L'esthétisme crépusculaire des scènes d'action fait en effet oublier la réalité de ce qu'elles montrent. Cette atmosphère très nocturne offre des camaïeux de teintes sombres où éclatent soudainement de rares touches de couleurs tandis que les éclairages artificiels créent des clairs-obscurs classieux qui permettent une composition très graphique de chaque plan. On voit ainsi Sunwoo vêtu d'une chemise blanche mouchetée de taches de sang, à genoux devant des hommes tout en noir. La pluie qui tombe comme un rideau accentue la verticalité de l'image, à peine éclairée par les faisceaux de phares des voitures. Plus tard, dans l'hôtel où a lieu l'assaut final, tout est stylisé à l'extrême, les couleurs se heurtant violemment entre elles dans des pièces froides et anonymes. Le long couloir immaculé dans lequel le héros avance à la recherche de ses ennemis semble un sas entre deux mondes bien distincts, où les notions de bien et de mal n'ont pas le même sens.

Ange exterminateur
Mais comme pour s'empêcher de sombrer dans l'emphase, ou le trop explicitement symbolique, Kim Jee-Woon contrebalance la brutalité de son intrigue avec un humour noir discret, toujours à la limite du mauvais goût, qui élève le film vers un second degré salvateur. Les détails absurdes ou caustiques qui parsèment l'histoire lui confèrent une légèreté un peu surréaliste, comme pour remettre les choses en perspective : tout cela n'est pas très sérieux. Il y a notamment une scène étonnante, d'une ironie mordante, où l'on voit le héros pendu au plafond, dégoulinant de sang. A ses pieds, une femme de ménage imperturbable passe la serpillière sur les flaques écarlates. C'est sans doute aussi pourquoi le personnage de Sunwoo penche toujours un peu vers le ridicule, voire le pathétique. Si l'on y réfléchit bien, il perd tout pour l'amour d'une fille qui ne se préoccupe pas de lui et qu'il est parfaitement incapable de séduire. Même sa vengeance n'est pas exempte de maladresses : il se fait poignarder par excès de confiance, traite avec des trafiquants bavards et incapables et au final ne parvient enfin à se faire respecter que lorsqu'il massacre tout le monde.

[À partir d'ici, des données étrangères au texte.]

lemma osc_eq_ennreal_integral:
  "osc s g x r = ennreal (1 / r powr (s + DIM('a)) *
     (\<integral>y. \<bar>g y - ball_avg g x r\<bar> * indicator (ball x r) y \<partial>lborel))"
proof -
  have "(\<integral>\<^sup>+ y. ennreal \<bar>g y - ball_avg g x r\<bar> * indicator (ball x r) y \<partial>lborel)
      = (\<integral>\<^sup>+ y. ennreal (\<bar>g y - ball_avg g x r\<bar> * indicator (ball x r) y) \<partial>lborel)"
    by (intro nn_integral_cong) (auto simp: indicator_def)
  also have "\<dots> = ennreal (\<integral>y. \<bar>g y - ball_avg g x r\<bar> * indicator (ball x r) y \<partial>lborel)"
    by (intro nn_integral_eq_integral integrable_abs_diff_indicator_ball AE_I2) auto
  finally show ?thesis
    unfolding osc_eq_nn_integral_lborel
    by (simp add: ennreal_mult''[symmetric] integral_nonneg_AE)
qed

lemma ball_avg_tendsto_left:
  fixes q :: "nat \<Rightarrow> real"
  assumes r: "0 < r" and q: "\<And>n. 0 \<le> q n" "\<And>n. q n < r" and ql: "q \<longlonglongrightarrow> r"
  shows "(\<lambda>n. ball_avg g x (q n)) \<longlonglongrightarrow> ball_avg g x r"
proof -
  have int: "(\<lambda>n. \<integral>y. indicator (ball x (q n)) y * g y \<partial>lborel)
      \<longlonglongrightarrow> (\<integral>y. indicator (ball x r) y * g y \<partial>lborel)"
  proof (rule integral_dominated_convergence[where w="\<lambda>y. indicator (ball x r) y * \<bar>g y\<bar>"])
    show "integrable lborel (\<lambda>y. indicator (ball x r) y * \<bar>g y\<bar>)"
      using integrable_abs[OF integrable_indicator_ball_mult] by (simp add: abs_mult)
    show "AE y in lborel. (\<lambda>n. indicator (ball x (q n)) y * g y) \<longlonglongrightarrow> indicator (ball x r) y * g y"
      by (intro AE_I2 tendsto_mult indicator_ball_tendsto_left[OF q(2) ql] tendsto_const)
    show "AE y in lborel. norm (indicator (ball x (q n)) y * g y) \<le> indicator (ball x r) y * \<bar>g y\<bar>"
      for n using q(2)[of n] by (intro AE_I2) (auto simp: indicator_def abs_mult)
  qed (auto intro!: borel_measurable_times borel_measurable_indicator)
  have "unit_ball_vol DIM('a) * r ^ DIM('a) \<noteq> 0"
    using r by (intro dual_order.strict_implies_not_eq mult_pos_pos unit_ball_vol_pos) auto
  then have "(\<lambda>n. (\<integral>y. indicator (ball x (q n)) y * g y \<partial>lborel) / (unit_ball_vol DIM('a) * q n ^ DIM('a)))
      \<longlonglongrightarrow> (\<integral>y. indicator (ball x r) y * g y \<partial>lborel) / (unit_ball_vol DIM('a) * r ^ DIM('a))"
    by (intro tendsto_divide int tendsto_mult tendsto_const tendsto_power ql)
  then show ?thesis
    using r q by (simp add: ball_avg_eq_integral_lborel)
qed

lemma integral_abs_diff_ball_avg_tendsto_left:
  fixes q :: "nat \<Rightarrow> real"
  assumes r: "0 < r" and q: "\<And>n. 0 \<le> q n" "\<And>n. q n < r" and ql: "q \<longlonglongrightarrow> r"
  shows "(\<lambda>n. \<integral>y. \<bar>g y - ball_avg g x (q n)\<bar> * indicator (ball x (q n)) y \<partial>lborel)
    \<longlonglongrightarrow> (\<integral>y. \<bar>g y - ball_avg g x r\<bar> * indicator (ball x r) y \<partial>lborel)"
proof -
  have avg: "(\<lambda>n. ball_avg g x (q n)) \<longlonglongrightarrow> ball_avg g x r"
    by (rule ball_avg_tendsto_left[OF r q ql])
  then obtain K where K: "\<And>n. \<bar>ball_avg g x (q n)\<bar> \<le> K"
    by (metis BseqE convergent_imp_Bseq convergentI real_norm_def)
  define w where "w y = indicator (ball x r) y * \<bar>g y\<bar> + K * indicator (ball x r) y" for y
  show ?thesis
  proof (rule integral_dominated_convergence[where w=w])
    show "integrable lborel w"
      unfolding w_def
      using integrable_abs[OF integrable_indicator_ball_mult]
      by (intro Bochner_Integration.integrable_add integrable_mult_right integrable_real_indicator
          emeasure_lborel_ball_finite) (auto simp: abs_mult)
    show "AE y in lborel. (\<lambda>n. \<bar>g y - ball_avg g x (q n)\<bar> * indicator (ball x (q n)) y)
        \<longlonglongrightarrow> \<bar>g y - ball_avg g x r\<bar> * indicator (ball x r) y"
      by (intro AE_I2 tendsto_mult indicator_ball_tendsto_left[OF q(2) ql] tendsto_rabs
          tendsto_diff tendsto_const avg)
    show "AE y in lborel. norm (\<bar>g y - ball_avg g x (q n)\<bar> * indicator (ball x (q n)) y) \<le> w y" for n
    proof (intro AE_I2)
      fix y
      have "\<bar>g y - ball_avg g x (q n)\<bar> \<le> \<bar>g y\<bar> + K"
        using K[of n] by linarith
      then show "norm (\<bar>g y - ball_avg g x (q n)\<bar> * indicator (ball x (q n)) y) \<le> w y"
        using q(2)[of n] by (auto simp: w_def indicator_def)
    qed
  qed (auto intro!: borel_measurable_times borel_measurable_abs borel_measurable_diff
      borel_measurable_indicator)
qed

Lee Byung-Hun, acteur découvert notamment chez Park Chan-Wook, est impeccable dans ce rôle ambigu de looser magnifique. Plus le film avance, plus il porte le poids du monde sur ses épaules et plus il est beau, d'une beauté douloureuse et déchirante qui l'érige instantanément en ange exterminateur. Au-delà des différents ingrédients savamment employés par Kim Jee-Woon, c'est sa grâce de félin en détresse qui permet à Bittersweet life de concourir pour le prix du meilleur thriller de l'année.